*Work to be completed*.
Given the entries below, copy each of them out exactly.

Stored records
-----

lemma KL_nonneg:
  assumes "\<forall>i. x i \<ge> 0" and "\<forall>i. y i > 0"
  shows "KL x y \<ge> 0"
  unfolding KL_def using KL_summand_ge[of "x _" "y _" 0] assms by (intro sum_nonneg) simp

lemma KL_self: "\<forall>i. x i > 0 \<Longrightarrow> KL x x = 0"
  unfolding KL_def by (simp add: less_imp_neq[symmetric])

lemma KL_ge_l1_linear:
  fixes x y :: "'n::finite \<Rightarrow> real"
  assumes x: "\<forall>i. x i \<ge> 0" and y: "\<forall>i. y i > 0" and y_sum: "(\<Sum>i\<in>UNIV. y i) = 1"
    and u: "0 \<le> u" "u \<le> 1"
  shows "KL x y \<ge> u * (\<Sum>i\<in>UNIV. \<bar>x i - y i\<bar>) - u\<^sup>2"
proof -
  have summand: "u * \<bar>x i - y i\<bar> - y i * u\<^sup>2
      \<le> (if x i = 0 then 0 else x i * ln (x i / y i)) - x i + y i" for i
  proof -
    define v where "v = (if x i \<ge> y i then u else - u)"
    have "exp v - 1 - v \<le> u\<^sup>2"
      using exp_minus_one_minus_le_square[of u] exp_minus_one_minus_le_square[of "- u"] u
      by (simp add: v_def)
    then have "y i * (exp v - 1 - v) \<le> y i * u\<^sup>2"
      using y by (intro mult_left_mono) (auto simp: less_imp_le)
    moreover have "v * (x i - y i) = u * \<bar>x i - y i\<bar>" by (simp add: v_def algebra_simps)
    ultimately show ?thesis using KL_summand_ge[of "x i" "y i" v] x y by fastforce
  qed
  have "(\<Sum>i\<in>UNIV. u * \<bar>x i - y i\<bar> - y i * u\<^sup>2)
        = u * (\<Sum>i\<in>UNIV. \<bar>x i - y i\<bar>) - (\<Sum>i\<in>UNIV. y i) * u\<^sup>2"
    by (simp only: sum_subtractf sum_distrib_left sum_distrib_right)
  then have "u * (\<Sum>i\<in>UNIV. \<bar>x i - y i\<bar>) - u\<^sup>2 = (\<Sum>i\<in>UNIV. u * \<bar>x i - y i\<bar> - y i * u\<^sup>2)"
    using y_sum by simp
  also have "\<dots> \<le> KL x y" unfolding KL_def by (rule sum_mono) (rule summand)
  finally show ?thesis .
qed

lemma frob_nonneg: "\<forall>i j. C i j \<ge> 0 \<Longrightarrow> X \<in> nonneg_mats \<Longrightarrow> frob C X \<ge> 0"
  unfolding frob_def nonneg_mats_def by (intro sum_nonneg mult_nonneg_nonneg) auto

lemma frob_mono:
  fixes C :: "'n::finite \<Rightarrow> 'n \<Rightarrow> real"
  assumes "\<forall>i j. C i j \<ge> 0" and "\<forall>i j. X i j \<le> Y i j"
  shows "frob C X \<le> frob C Y"
  unfolding frob_def using assms by (intro sum_mono mult_left_mono) auto

lemma row_sums_nonneg: "X \<in> nonneg_mats \<Longrightarrow> row_sums X i \<ge> 0"
  unfolding nonneg_mats_def row_sums_def by (auto intro: sum_nonneg)

lemma col_sums_nonneg: "X \<in> nonneg_mats \<Longrightarrow> col_sums X j \<ge> 0"
  unfolding nonneg_mats_def col_sums_def by (auto intro: sum_nonneg)

lemma sum_row_sums_eq_sum_col_sums:
  "(\<Sum>i\<in>UNIV. row_sums X i) = (\<Sum>j\<in>UNIV. col_sums (X :: 'n::finite \<Rightarrow> 'n \<Rightarrow> real) j)"
  unfolding row_sums_def col_sums_def by (rule sum.swap)
(* Let $r\ge1$, $n$ be integers and let $\sigma,\sigma':\mathbb{Z}_n\to\{0,1\}$ be a temporally periodic pair. Let $[a,b],[c,d]\in B(\sigma')$ be adjacent blocks with $c=b+1$. If $\varphi_{\sigma,\sigma'}([a,b])=[a',b']$ and $\varphi_{\sigma,\sigma'}([c,d])=[c',d']$, then $[a',b']$ and $[c',d']$ are adjacent and $c'=b'+1$.
   Context: Cells are elements of $\mathbb{Z}_n$, arithmetic mod $n$; $[a,b]$ denotes the cyclic interval $a,\dots,b$. The majority rule with radius $r$: $\mathrm{maj}_r(\sigma)(i)=0$ if among the cells of $[i-r,i+r]$ strictly more have value $0$ than $1$ under $\sigma$, and $=1$ otherwise. A temporally periodic pair is a pair with $\mathrm{maj}_r(\sigma)=\sigma'$ and $\mathrm{maj}_r(\sigma')=\sigma$. For $\beta\in\{0,1\}$, $B^\beta(\sigma)$ is the set of cell intervals $[i,j]$ with $\sigma(k)=\beta$ for all $k\in[i,j]$ and $\sigma(i-1)=\sigma(j+1)=1-\beta$; $B(\sigma)=B^0(\sigma)\cup B^1(\sigma)$. For $[i,j]\in B(\sigma')$, $f^{\leftarrow}_{\sigma,\sigma'}([i,j])$ is the block of $B(\sigma)$ containing cell $j-r$ and $f^{\rightarrow}_{\sigma,\sigma'}([i,j])$ is the block of $B(\sigma)$ containing cell $i+r$. For blocks $X=[x,y]$, $X'=[x',y']$, the block interval $[X,X']_{B(\sigma)}$ is the sequence of blocks of $B(\sigma)$ contained in $[x,y']$; the number of blocks in $[f^{\leftarrow}_{\sigma,\sigma'}([i,j]),f^{\rightarrow}_{\sigma,\sigma'}([i,j])]_{B(\sigma)}$ is always odd, and the alignment mapping $\varphi_{\sigma,\sigma'}([i,j])$ is its middle block. *)

theory Defs
  imports Main
begin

-----

*Reply to the exercise*.
lemma KL_nonneg:
  assumes "\<forall>i. x i \<ge> 0" and "\<forall>i. y i > 0"
  shows "KL x y \<ge> 0"
  unfolding KL_def using KL_summand_ge[of "x _" "y _" 0] assms by (intro sum_nonneg) simp

lemma KL_self: "\<forall>i. x i > 0 \<Longrightarrow> KL x x = 0"
  unfolding KL_def by (simp add: less_imp_neq[symmetric])

lemma KL_ge_l1_linear:
  fixes x y :: "'n::finite \<Rightarrow> real"
  assumes x: "\<forall>i. x i \<ge> 0" and y: "\<forall>i. y i > 0" and y_sum: "(\<Sum>i\<in>UNIV. y i) = 1"
    and u: "0 \<le> u" "u \<le> 1"
  shows "KL x y \<ge> u * (\<Sum>i\<in>UNIV. \<bar>x i - y i\<bar>) - u\<^sup>2"
proof -
  have summand: "u * \<bar>x i - y i\<bar> - y i * u\<^sup>2
      \<le> (if x i = 0 then 0 else x i * ln (x i / y i)) - x i + y i" for i
  proof -
    define v where "v = (if x i \<ge> y i then u else - u)"
    have "exp v - 1 - v \<le> u\<^sup>2"
      using exp_minus_one_minus_le_square[of u] exp_minus_one_minus_le_square[of "- u"] u
      by (simp add: v_def)
    then have "y i * (exp v - 1 - v) \<le> y i * u\<^sup>2"
      using y by (intro mult_left_mono) (auto simp: less_imp_le)
    moreover have "v * (x i - y i) = u * \<bar>x i - y i\<bar>" by (simp add: v_def algebra_simps)
    ultimately show ?thesis using KL_summand_ge[of "x i" "y i" v] x y by fastforce
  qed
  have "(\<Sum>i\<in>UNIV. u * \<bar>x i - y i\<bar> - y i * u\<^sup>2)
        = u * (\<Sum>i\<in>UNIV. \<bar>x i - y i\<bar>) - (\<Sum>i\<in>UNIV. y i) * u\<^sup>2"
    by (simp only: sum_subtractf sum_distrib_left sum_distrib_right)
  then have "u * (\<Sum>i\<in>UNIV. \<bar>x i - y i\<bar>) - u\<^sup>2 = (\<Sum>i\<in>UNIV. u * \<bar>x i - y i\<bar> - y i * u\<^sup>2)"
    using y_sum by simp
  also have "\<dots> \<le> KL x y" unfolding KL_def by (rule sum_mono) (rule summand)
  finally show ?thesis .
qed

lemma frob_nonneg: "\<forall>i j. C i j \<ge> 0 \<Longrightarrow> X \<in> nonneg_mats \<Longrightarrow> frob C X \<ge> 0"
  unfolding frob_def nonneg_mats_def by (intro sum_nonneg mult_nonneg_nonneg) auto

lemma frob_mono:
  fixes C :: "'n::finite \<Rightarrow> 'n \<Rightarrow> real"
  assumes "\<forall>i j. C i j \<ge> 0" and "\<forall>i j. X i j \<le> Y i j"
  shows "frob C X \<le> frob C Y"
  unfolding frob_def using assms by (intro sum_mono mult_left_mono) auto

lemma row_sums_nonneg: "X \<in> nonneg_mats \<Longrightarrow> row_sums X i \<ge> 0"
  unfolding nonneg_mats_def row_sums_def by (auto intro: sum_nonneg)

lemma col_sums_nonneg: "X \<in> nonneg_mats \<Longrightarrow> col_sums X j \<ge> 0"
  unfolding nonneg_mats_def col_sums_def by (auto intro: sum_nonneg)

lemma sum_row_sums_eq_sum_col_sums:
  "(\<Sum>i\<in>UNIV. row_sums X i) = (\<Sum>j\<in>UNIV. col_sums (X :: 'n::finite \<Rightarrow> 'n \<Rightarrow> real) j)"
  unfolding row_sums_def col_sums_def by (rule sum.swap)
(* Let $r\ge1$, $n$ be integers and let $\sigma,\sigma':\mathbb{Z}_n\to\{0,1\}$ be a temporally periodic pair. Let $[a,b],[c,d]\in B(\sigma')$ be adjacent blocks with $c=b+1$. If $\varphi_{\sigma,\sigma'}([a,b])=[a',b']$ and $\varphi_{\sigma,\sigma'}([c,d])=[c',d']$, then $[a',b']$ and $[c',d']$ are adjacent and $c'=b'+1$.
   Context: Cells are elements of $\mathbb{Z}_n$, arithmetic mod $n$; $[a,b]$ denotes the cyclic interval $a,\dots,b$. The majority rule with radius $r$: $\mathrm{maj}_r(\sigma)(i)=0$ if among the cells of $[i-r,i+r]$ strictly more have value $0$ than $1$ under $\sigma$, and $=1$ otherwise. A temporally periodic pair is a pair with $\mathrm{maj}_r(\sigma)=\sigma'$ and $\mathrm{maj}_r(\sigma')=\sigma$. For $\beta\in\{0,1\}$, $B^\beta(\sigma)$ is the set of cell intervals $[i,j]$ with $\sigma(k)=\beta$ for all $k\in[i,j]$ and $\sigma(i-1)=\sigma(j+1)=1-\beta$; $B(\sigma)=B^0(\sigma)\cup B^1(\sigma)$. For $[i,j]\in B(\sigma')$, $f^{\leftarrow}_{\sigma,\sigma'}([i,j])$ is the block of $B(\sigma)$ containing cell $j-r$ and $f^{\rightarrow}_{\sigma,\sigma'}([i,j])$ is the block of $B(\sigma)$ containing cell $i+r$. For blocks $X=[x,y]$, $X'=[x',y']$, the block interval $[X,X']_{B(\sigma)}$ is the sequence of blocks of $B(\sigma)$ contained in $[x,y']$; the number of blocks in $[f^{\leftarrow}_{\sigma,\sigma'}([i,j]),f^{\rightarrow}_{\sigma,\sigma'}([i,j])]_{B(\sigma)}$ is always odd, and the alignment mapping $\varphi_{\sigma,\sigma'}([i,j])$ is its middle block. *)

theory Defs
  imports Main
begin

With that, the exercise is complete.